В ноябре море потемнело, и волны, перехлестывая через парапет, заливали набережную. Стихли последние отголоски летней жизни, и пляжи стояли под дождем и мистралем печальные и покинутые. Отель Госса закрылся на ремонт и перестройку с расширением, а строительные леса вокруг будущего казино в Жуан-ле-Пене стали еще выше и внушительней. Выезжая в Канн или Ниццу, Дик и Николь знакомились с новыми людьми – оркестрантами, рестораторами, садоводами-энтузиастами, кораблестроителями (Дик купил старенький ялик) и членами Syndicat d’Initiative.

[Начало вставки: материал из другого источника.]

lemma set_integral_nonneg: "0 \<le> (LINT x:E|lebesgue. h x)"
  unfolding set_lebesgue_integral_def by (rule integral_nonneg_AE) (simp add: nonneg)

lemma set_integral_le_measure:
  assumes "E \<in> sets lebesgue" "emeasure lebesgue E < \<infinity>"
  shows "(LINT x:E|lebesgue. h x) \<le> measure lebesgue E"
proof -
  have "(LINT x:E|lebesgue. h x) \<le> (LINT x:E|lebesgue. 1)"
    using assms set_integrable by (intro set_integral_mono) (auto simp: le_one set_integrable_def)
  also have "\<dots> = measure lebesgue E"
    using assms by (subst set_integral_const) auto
  finally show ?thesis .
qed

lemma set_integral_Diff:
  assumes "F \<in> sets lebesgue" "emeasure lebesgue F < \<infinity>" "E \<in> sets lebesgue" "E \<subseteq> F"
  shows "(LINT x:F|lebesgue. h x) = (LINT x:E|lebesgue. h x) + (LINT x:F - E|lebesgue. h x)"
proof -
  have "emeasure lebesgue E < \<infinity>" "emeasure lebesgue (F - E) < \<infinity>"
    using assms emeasure_mono[of _ F lebesgue] by (meson Diff_subset le_less_trans)+
  moreover have "F = E \<union> (F - E)" using assms by auto
  ultimately show ?thesis
    using assms set_integrable by (metis set_integral_Un Diff_disjoint sets.Diff)
qed

lemma nn_integral_eq_set_integral:
  assumes [measurable]: "E \<in> sets borel" and "emeasure lborel E < \<infinity>"
  shows "(\<integral>\<^sup>+x. ennreal (h x) * indicator E x \<partial>lborel) = ennreal (LINT x:E|lebesgue. h x)"
proof -
  have integrable: "integrable lborel (\<lambda>x. indicator E x *\<^sub>R h x)"
    using assms by (intro integrableI_bounded_set_indicator[where B=1]) (auto simp: nonneg le_one)
  have "(\<integral>\<^sup>+x. ennreal (h x) * indicator E x \<partial>lborel) = (\<integral>\<^sup>+x. ennreal (indicator E x *\<^sub>R h x) \<partial>lborel)"
    by (rule nn_integral_cong) (simp add: indicator_def)
  also have "\<dots> = ennreal (LINT x:E|lborel. h x)"
    unfolding set_lebesgue_integral_def using integrable by (rule nn_integral_eq_integral) (simp add: nonneg)
  also have "(LINT x:E|lborel. h x) = (LINT x:E|lebesgue. h x)"
    unfolding set_lebesgue_integral_def by (rule integral_completion[symmetric]) measurable
  finally show ?thesis .
qed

Они хорошо изучили своих слуг, много размышляли над образованием детей. К декабрю Николь совершенно пришла в норму; понаблюдав за ней в течение месяца и ни разу не заметив характерного напряженного взгляда, плотно сжатых губ, беспричинной блуждающей улыбки, не услышав ни одной бессмысленной реплики, Дик успокоился, и они отправились на Рождество в Швейцарские Альпы.[40]